Song Hyebin, Raskutti Garvesh
Department of Statistics, University of Wisconsin-Madison, Madison, WI.
J Am Stat Assoc. 2019;115(529):334-347. doi: 10.1080/01621459.2018.1546587. Epub 2019 Apr 11.
In various real-world problems, we are presented with classification problems with , referred to as presence-only responses. In this article we study variable selection in the context of presence only responses where the number of features or covariates is large. The combination of and presents both statistical and computational challenges. In this article, we develop the algorithm for variable selection and classification with positive and unlabeled responses. Our algorithm involves using the majorization-minimization framework which is a generalization of the well-known expectation-maximization (EM) algorithm. In particular to make our algorithm scalable, we provide two computational speed-ups to the standard EM algorithm. We provide a theoretical guarantee where we first show that our algorithm converges to a stationary point, and then prove that any stationary point within a local neighborhood of the true parameter achieves the minimax optimal mean-squared error under both strict sparsity and group sparsity assumptions. We also demonstrate through simulations that our algorithm outperforms state-of-the-art algorithms in the moderate settings in terms of classification performance. Finally, we demonstrate that our PUlasso algorithm performs well on a biochemistry example. Supplementary materials for this article are available online.
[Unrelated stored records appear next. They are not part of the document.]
(* Let $(X,\|\cdot\|)$ be a Banach space, $B_X=\{x\in X:\|x\|\le1\}$ and $B=\{x\in X:\|x\|\ge2\}$. Suppose the ordered pair $(B_X,B)$ has the $UC$ property. If $\{x_n\}_{n=1}^\infty,\{z_n\}_{n=1}^\infty\subset B_X$ satisfy $\lim_{n\to\infty}\left\|\frac{x_n+z_n}{2}\right\|=1$, then $\lim_{n\to\infty}\|x_n-z_n\|=0$.
   Context: $\mathrm{dist}(A,B)=\inf\{\|a-b\|:a\in A,b\in B\}$. The ordered pair $(A,B)$ has the $UC$ property if for all sequences $\{x_n\},\{z_n\}\subset A$, $\{y_n\}\subset B$ with $\lim_n\|x_n-y_n\|=\lim_n\|z_n-y_n\|=\mathrm{dist}(A,B)$ one has $\lim_n\|x_n-z_n\|=0$. *)

theory Defs
  imports "HOL-Analysis.Analysis"
begin

definition set_dist :: "'a::real_normed_vector set \<Rightarrow> 'a set \<Rightarrow> real" where
  "set_dist A B = Inf {norm (a - b) | a b. a \<in> A \<and> b \<in> B}"

definition UC_property :: "'a::real_normed_vector set \<Rightarrow> 'a set \<Rightarrow> bool" where
  "UC_property A B \<longleftrightarrow>
     (\<forall>x z y :: nat \<Rightarrow> 'a.
        (\<forall>n. x n \<in> A) \<longrightarrow> (\<forall>n. z n \<in> A) \<longrightarrow> (\<forall>n. y n \<in> B) \<longrightarrow>
        (\<lambda>n. norm (x n - y n)) \<longlonglongrightarrow> set_dist A B \<longrightarrow>
        (\<lambda>n. norm (z n - y n)) \<longlonglongrightarrow> set_dist A B \<longrightarrow>
        (\<lambda>n. norm (x n - z n)) \<longlonglongrightarrow> 0)"

end

theory Submission
  imports Defs
begin

text \<open>
  Put \<open>y\<^sub>n = 2 sgn (x\<^sub>n + z\<^sub>n)\<close>, the radial projection of \<open>x\<^sub>n + z\<^sub>n\<close> onto the sphere of
  radius 2. Since \<open>y\<^sub>n - x\<^sub>n = z\<^sub>n - (\<parallel>x\<^sub>n + z\<^sub>n\<parallel> - 2) sgn (x\<^sub>n + z\<^sub>n)\<close>, we get
  \<open>\<parallel>x\<^sub>n - y\<^sub>n\<parallel> \<le> 1 + \<bar>\<parallel>x\<^sub>n + z\<^sub>n\<parallel> - 2\<bar> \<rightarrow> 1\<close>, and symmetrically for \<open>z\<^sub>n\<close>. As the distance
  between the unit ball and the exterior of the ball of radius 2 is exactly 1, the
  \<open>UC\<close> property applied to \<open>x\<^sub>n, z\<^sub>n, y\<^sub>n\<close> gives \<open>\<parallel>x\<^sub>n - z\<^sub>n\<parallel> \<rightarrow> 0\<close>.
\<close>

lemma norm_diff_ge_radius_gap:
  fixes x y :: "'a::real_normed_vector"
  assumes "norm x \<le> r" and "norm y \<ge> s"
  shows "s - r \<le> norm (x - y)"
  using norm_triangle_ineq2[of y x] assms by (simp add: norm_minus_commute)

lemma set_dist_ball_exterior:
  fixes a :: "'a::real_normed_vector"
  assumes "a \<noteq> 0" and "0 \<le> r" and "r \<le> s"
  shows "set_dist {v :: 'a. norm v \<le> r} {v. norm v \<ge> s} = s - r"
  unfolding set_dist_def
proof (rule cInf_eq_minimum)
  have "s - r = norm (r *\<^sub>R sgn a - s *\<^sub>R sgn a)"
    using assms by (simp add: norm_sgn flip: scaleR_diff_left)
  moreover have "norm (r *\<^sub>R sgn a) \<le> r" "norm (s *\<^sub>R sgn a) \<ge> s"
    using assms by (simp_all add: norm_sgn)
  ultimately show "s - r \<in> {norm (u - v) |u v. u \<in> {v :: 'a. norm v \<le> r} \<and> v \<in> {v. norm v \<ge> s}}"
    by blast
next
  fix t assume "t \<in> {norm (u - v) |u v. u \<in> {v :: 'a. norm v \<le> r} \<and> v \<in> {v. norm v \<ge> s}}"
  then obtain u v :: 'a where "t = norm (u - v)" "norm u \<le> r" "norm v \<ge> s"
    by blast
  then show "s - r \<le> t"
    using norm_diff_ge_radius_gap by blast
qed

text \<open>No assumption on \<open>x\<close> is needed, and the case \<open>x + z = 0\<close> is covered since \<open>sgn 0 = 0\<close>.\<close>

lemma norm_diff_radial_projection_le:
  fixes x z :: "'a::real_normed_vector"
  assumes "norm z \<le> 1"
  shows "norm (x - 2 *\<^sub>R sgn (x + z)) \<le> 1 + \<bar>norm (x + z) - 2\<bar>"
proof -
  have "x + z = norm (x + z) *\<^sub>R sgn (x + z)"
    by (cases "x + z = 0") (simp_all add: sgn_div_norm)
  then have "x - 2 *\<^sub>R sgn (x + z) = - z + (norm (x + z) - 2) *\<^sub>R sgn (x + z)"
    by (simp add: algebra_simps)
  also have "norm \<dots> \<le> norm z + \<bar>norm (x + z) - 2\<bar> * norm (sgn (x + z))"
    by (rule order_trans[OF norm_triangle_ineq]) simp
  also have "\<dots> \<le> 1 + \<bar>norm (x + z) - 2\<bar>"
    using assms by (simp add: norm_sgn)
  finally show ?thesis .
qed

lemma tendsto_norm_diff_radial_projection:
  fixes x z y :: "nat \<Rightarrow> 'a::real_normed_vector"
  assumes "\<forall>n. norm (x n) \<le> 1" and "\<forall>n. norm (z n) \<le> 1" and "\<forall>n. norm (y n) \<ge> 2"
    and "(\<lambda>n. norm (x n + z n)) \<longlonglongrightarrow> 2"
    and "eventually (\<lambda>n. y n = 2 *\<^sub>R sgn (x n + z n)) sequentially"
  shows "(\<lambda>n. norm (x n - y n)) \<longlonglongrightarrow> 1"
proof (rule tendsto_sandwich[OF _ _ tendsto_const])
  have "1 \<le> norm (x n - y n)" for n
    using norm_diff_ge_radius_gap[where r = 1 and s = 2] assms(1,3) by fastforce
  then show "eventually (\<lambda>n. 1 \<le> norm (x n - y n)) sequentially"
    by simp
  show "eventually (\<lambda>n. norm (x n - y n) \<le> 1 + \<bar>norm (x n + z n) - 2\<bar>) sequentially"
    using assms(5) by eventually_elim (use norm_diff_radial_projection_le assms(2) in auto)
  have "(\<lambda>n. 1 + \<bar>norm (x n + z n) - 2\<bar>) \<longlonglongrightarrow> 1 + \<bar>2 - 2\<bar>"
    by (intro tendsto_intros assms(4))
  then show "(\<lambda>n. 1 + \<bar>norm (x n + z n) - 2\<bar>) \<longlonglongrightarrow> 1"
    by simp
qed

theorem mainTheorem11:
  fixes x z :: "nat \<Rightarrow> 'a::banach"
  assumes "UC_property {v :: 'a. norm v \<le> 1} {v. norm v \<ge> 2}"
    and "\<forall>n. norm (x n) \<le> 1" and "\<forall>n. norm (z n) \<le> 1"
    and "(\<lambda>n. norm ((x n + z n) /\<^sub>R 2)) \<longlonglongrightarrow> 1"
  shows "(\<lambda>n. norm (x n - z n)) \<longlonglongrightarrow> 0"
proof -
  have "(\<lambda>n. 2 * norm ((x n + z n) /\<^sub>R 2)) \<longlonglongrightarrow> 2 * 1"
    by (intro tendsto_intros assms(4))
  then have sum_lim: "(\<lambda>n. norm (x n + z n)) \<longlonglongrightarrow> 2"
    by simp
  have "eventually (\<lambda>n. norm (x n + z n) > 0) sequentially"
    using order_tendstoD(1)[OF sum_lim, of 0] by simp
  then have sum_nonzero: "eventually (\<lambda>n. x n + z n \<noteq> 0) sequentially"
    by (rule eventually_mono) simp
  then obtain n\<^sub>0 where "x n\<^sub>0 + z n\<^sub>0 \<noteq> 0"
    unfolding eventually_sequentially by blast
  define y where "y n = 2 *\<^sub>R sgn (if x n + z n = 0 then x n\<^sub>0 + z n\<^sub>0 else x n + z n)" for n
  have y_norm: "\<forall>n. norm (y n) \<ge> 2"
    using \<open>x n\<^sub>0 + z n\<^sub>0 \<noteq> 0\<close> by (simp add: y_def norm_sgn)
  have y_eq: "eventually (\<lambda>n. y n = 2 *\<^sub>R sgn (x n + z n)) sequentially"
    using sum_nonzero by (rule eventually_mono) (simp add: y_def)
  have "(\<lambda>n. norm (x n - y n)) \<longlonglongrightarrow> 1"
    using tendsto_norm_diff_radial_projection[OF assms(2,3) y_norm sum_lim y_eq] .
  moreover have "(\<lambda>n. norm (z n - y n)) \<longlonglongrightarrow> 1"
    using tendsto_norm_diff_radial_projection[OF assms(3,2) y_norm] sum_lim y_eq
    by (simp only: add.commute)
  moreover have "set_dist {v :: 'a. norm v \<le> 1} {v. norm v \<ge> 2} = 1"
    using set_dist_ball_exterior[OF \<open>x n\<^sub>0 + z n\<^sub>0 \<noteq> 0\<close>, of 1 2] by simp
  ultimately show ?thesis
    using assms(1)[unfolded UC_property_def, rule_format, of x z y] assms(2,3) y_norm by simp
qed

end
在各种实际问题中,我们会遇到分类问题,其响应仅表示为存在,即所谓的仅存在响应。在本文中,我们研究在仅存在响应的背景下进行变量选择,其中特征或协变量的数量很大。特征数量大与仅存在响应的结合带来了统计和计算方面的挑战。在本文中,我们开发了用于具有正例和未标记响应的变量选择与分类的算法。我们的算法涉及使用主元化-最小化框架,该框架是著名的期望最大化(EM)算法的推广。特别是为了使我们的算法具有可扩展性,我们为标准EM算法提供了两种计算加速方法。我们提供了理论保证,首先表明我们的算法收敛到一个驻点,然后证明在严格稀疏性和组稀疏性假设下,真实参数局部邻域内的任何驻点都能达到极小极大最优均方误差。我们还通过模拟证明,在中等设置下,我们的算法在分类性能方面优于现有算法。最后,我们证明我们的PUlasso算法在一个生物化学示例上表现良好。本文的补充材料可在线获取。